Direct cell-to-cell contact is essential for cell adhesion–mediated drug resistance. CLL cells were treated with 10 μM F-ara-A and incubated with KUSA H1 (A) and StromaNKTert (B) in the presence or absence of micropore membrane insert for 24, 48, and 72 hours. Bars represent the mean viability of CLL cells compared with untreated control (100%). Data shown are the mean (± SEM) of 6 independent experiments. *Significant protection of CLL cells from F-ara-A–induced apoptosis in direct CLL–MSC contact compared with control sample (P < .05). (C) Presented are contour plots of CLL cells from a representative patient after 48 hours of coculture with StromaNKTert in the conditions indicated above and on the side of the plots. The relative percentages of viable cells are displayed above each of the gates. Direct cell-to-cell contact is essential not only for protection from fludarabine-induced apoptosis but also from spontaneous apoptosis.

Figure 7

Mcl-1 and PARP expression in CLL cells cocultured with MSCs.

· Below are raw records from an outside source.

text \<open>When a pass changes nothing, no node has its two largest min-marginal differences
  \<open>\<delta>\<^sub>1 \<ge> \<delta>\<^sub>2\<close> of the same sign, so \<open>\<delta>\<^sub>1 \<ge> 0 \<ge> \<delta>\<^sub>2\<close>. A label \<open>p\<close> takes the value \<open>1\<close> in some
  minimiser of \<open>L\<close> iff \<open>MM\<^sub>p\<^sub>,\<^sub>1 \<le> MM\<^sub>p\<^sub>,\<^sub>0\<close>, i.e. \<open>\<delta>\<^sub>p \<ge> 0\<close>, and the value \<open>0\<close> iff \<open>\<delta>\<^sub>p \<le> 0\<close>. Hence
  the maximising label can be \<open>1\<close>; a label forced to \<open>1\<close> has \<open>\<delta>\<^sub>p > 0 \<ge> \<delta>\<^sub>2\<close> and so is the
  maximising one; and every other label has \<open>\<delta>\<^sub>q \<le> \<delta>\<^sub>2 \<le> 0\<close> and can be \<open>0\<close>.\<close>

lemma snd_fold_node_step_mono:
  "snd st \<Longrightarrow> snd (fold (node_step V P E \<theta> C) js st)"
proof (induction js arbitrary: st)
  case Nil
  then show ?case by simp
next
  case (Cons j js)
  then have "snd (node_step V P E \<theta> C j st)"
    by (auto simp: node_step_def Let_def)
  then show ?case using Cons.IH by simp
qed

lemma ca_pass_unchanged:
  assumes "\<not> snd (ca_pass V P E \<theta> C js lam)"
  shows "fst (ca_pass V P E \<theta> C js lam) = lam \<and>
    (\<forall>j\<in>set js. \<not> same_sign (delta1 V P E \<theta> C lam j) (delta2 V P E \<theta> C lam j))"
  using assms unfolding ca_pass_def
proof (induction js)
  case (Cons j js)
  show ?case
  proof (cases "same_sign (delta1 V P E \<theta> C lam j) (delta2 V P E \<theta> C lam j)")
    case True
    then have "snd (node_step V P E \<theta> C j (lam, False))"
      by (simp add: node_step_def Let_def)
    then have "snd (fold (node_step V P E \<theta> C) js (node_step V P E \<theta> C j (lam, False)))"
      by (rule snd_fold_node_step_mono)
    then show ?thesis using Cons.prems by simp
  next
    case False
    then have "node_step V P E \<theta> C j (lam, False) = (lam, False)"
      by (simp add: node_step_def Let_def)
    then show ?thesis using Cons False by simp
  qed
qed simp

lemma finite_Yset:
  assumes "finite V" "finite P"
  shows "finite (Yset V P)"
proof -
  let ?ind = "\<lambda>S i p. if (i, p) \<in> S then 1 else 0 :: real"
  have "Yset V P \<subseteq> ?ind ` Pow (V \<times> P)"
  proof
    fix y assume y: "y \<in> Yset V P"
    have "y = ?ind {(i, p). i \<in> V \<and> p \<in> P \<and> y i p = 1}"
      using y unfolding Yset_def by (fastforce intro!: ext)
    then show "y \<in> ?ind ` Pow (V \<times> P)" by blast
  qed
  then show ?thesis
    using assms by (meson finite_Pow_iff finite_SigmaI finite_imageI finite_subset)
qed

lemma MM_le:
  assumes "finite V" "finite P" "y \<in> Yset V P" "y j p = k"
  shows "MM V P E \<theta> C lam j p k \<le> Lfun V P E \<theta> C y lam"
proof -
  have "finite (Yset V P)" using assms(1,2) by (rule finite_Yset)
  then show ?thesis
    unfolding MM_def using assms(3,4) by (intro Min_le) auto
qed

lemma MM_attained:
  assumes "finite V" "finite P" "j \<in> V" "p \<in> P" "k \<in> {0, 1}"
  obtains y where "y \<in> Yset V P" "y j p = k" "Lfun V P E \<theta> C y lam = MM V P E \<theta> C lam j p k"
proof -
  let ?A = "{y \<in> Yset V P. y j p = k}"
  have "finite ?A" using finite_Yset[OF assms(1,2)] by simp
  moreover have "(\<lambda>i q. if i = j \<and> q = p then k else 0) \<in> ?A"
    using assms(3-5) unfolding Yset_def by auto
  ultimately have "MM V P E \<theta> C lam j p k \<in> (\<lambda>y. Lfun V P E \<theta> C y lam) ` ?A"
    unfolding MM_def by (intro Min_in) auto
  then obtain y where "y \<in> ?A" "MM V P E \<theta> C lam j p k = Lfun V P E \<theta> C y lam"
    by (rule imageE)
  then show ?thesis by (intro that) simp_all
qed

lemma mem_Zset_iff_MM_le:
  assumes fin: "finite V" "finite P" and j: "j \<in> V" and p: "p \<in> P" and k: "k \<in> {0, 1}"
  shows "k \<in> Zset V P E \<theta> C lam j p \<longleftrightarrow>
         MM V P E \<theta> C lam j p k \<le> MM V P E \<theta> C lam j p (1 - k)"
proof
  assume "k \<in> Zset V P E \<theta> C lam j p"
  then obtain y where y: "y \<in> Argmin_L V P E \<theta> C lam" "y j p = k"
    unfolding Zset_def by auto
  have "1 - k \<in> {0, 1}" using k by auto
  then obtain y' where y': "y' \<in> Yset V P" "y' j p = 1 - k"
      "Lfun V P E \<theta> C y' lam = MM V P E \<theta> C lam j p (1 - k)"
    by (rule MM_attained[OF fin j p])
  have "MM V P E \<theta> C lam j p k \<le> Lfun V P E \<theta> C y lam"
    using y fin by (intro MM_le) (auto simp: Argmin_L_def)
  also have "\<dots> \<le> Lfun V P E \<theta> C y' lam"
    using y y' unfolding Argmin_L_def by auto
  finally show "MM V P E \<theta> C lam j p k \<le> MM V P E \<theta> C lam j p (1 - k)"
    using y' by simp
next
  assume le: "MM V P E \<theta> C lam j p k \<le> MM V P E \<theta> C lam j p (1 - k)"
  obtain y where y: "y \<in> Yset V P" "y j p = k"
      "Lfun V P E \<theta> C y lam = MM V P E \<theta> C lam j p k"
    using MM_attained[OF fin j p k] .
  have "Lfun V P E \<theta> C y lam \<le> Lfun V P E \<theta> C y' lam" if y': "y' \<in> Yset V P" for y'
  proof -
    have "y' j p \<in> {0, 1}" using y' unfolding Yset_def by blast
    then have "y' j p = k \<or> y' j p = 1 - k" using k by auto
    then show ?thesis
    proof
      assume "y' j p = k"
      from MM_le[OF fin y' this, of E \<theta> C lam] show ?thesis using y by simp
    next
      assume "y' j p = 1 - k"
      from MM_le[OF fin y' this, of E \<theta> C lam] show ?thesis using le y by simp
    qed
  qed
  then have "y \<in> Argmin_L V P E \<theta> C lam"
    using y unfolding Argmin_L_def by blast
  then show "k \<in> Zset V P E \<theta> C lam j p"
    unfolding Zset_def using y(2) k by blast
qed

lemma one_mem_Zset_iff:
  assumes "finite V" "finite P" "j \<in> V" "p \<in> P"
  shows "1 \<in> Zset V P E \<theta> C lam j p \<longleftrightarrow> delta V P E \<theta> C lam j p \<ge> 0"
  using mem_Zset_iff_MM_le[OF assms, where k = 1] by (simp add: delta_def)

lemma zero_mem_Zset_iff:
  assumes "finite V" "finite P" "j \<in> V" "p \<in> P"
  shows "0 \<in> Zset V P E \<theta> C lam j p \<longleftrightarrow> delta V P E \<theta> C lam j p \<le> 0"
  using mem_Zset_iff_MM_le[OF assms, where k = 0] by (simp add: delta_def)

context
  fixes V :: "'v set" and P :: "'p set" and E :: "'v set set"
    and \<theta> :: "'v \<Rightarrow> 'p \<Rightarrow> real" and C :: "'v set \<Rightarrow> 'p \<Rightarrow> real"
    and lam :: "'v \<Rightarrow> real" and j :: 'v
  assumes fin: "finite P" and card_P: "card P \<ge> 2"
begin

lemma delta_le_delta1: "q \<in> P \<Longrightarrow> delta V P E \<theta> C lam j q \<le> delta1 V P E \<theta> C lam j"
  unfolding delta1_def using fin by (intro Max_ge) auto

CLL cells were cultured with the MSC lines displayed on the top horizontal axes or in suspension (“Control”) for 48 hours with or without 10 μM F-ara-A (labeled “Ctr” or “+F,” respectively). Then, cleaved and uncleaved Mcl-1 and PARP were analyzed by Western blotting, and the respective immunobands are indicated on the left-hand side. Cell viability for each condition was measured by flow cytometry, and the percentage of viable cells is displayed below each of the blots. In most cases, MSCs coculture up-regulated Mcl-1 and PARP expression compared with CLL cells in suspension (control at 48 hours vs the “Ctr” bands in the presence of MSCs). Suspension culture of CLL cells results in spontaneous apoptosis, with associated Mcl-1 and PARP cleavage (panels A-B 2nd lane from the left), which was paralleled by a decrease in CLL cell viability from 99% to 47% in panel A and from 96% to 81% in panel B. Treatment with fludarabine resulted in cleavage of the majority of Mcl-1 and PARP in the absence of MSCs (panels A-B 5th lane from the left). This was largely inhibited, sometimes almost abrogated (eg, panel A lanes 6-7) by the presence of MSCs. Displayed are Western blots of CLL B-cell lysates from 2 representative patients (A-B).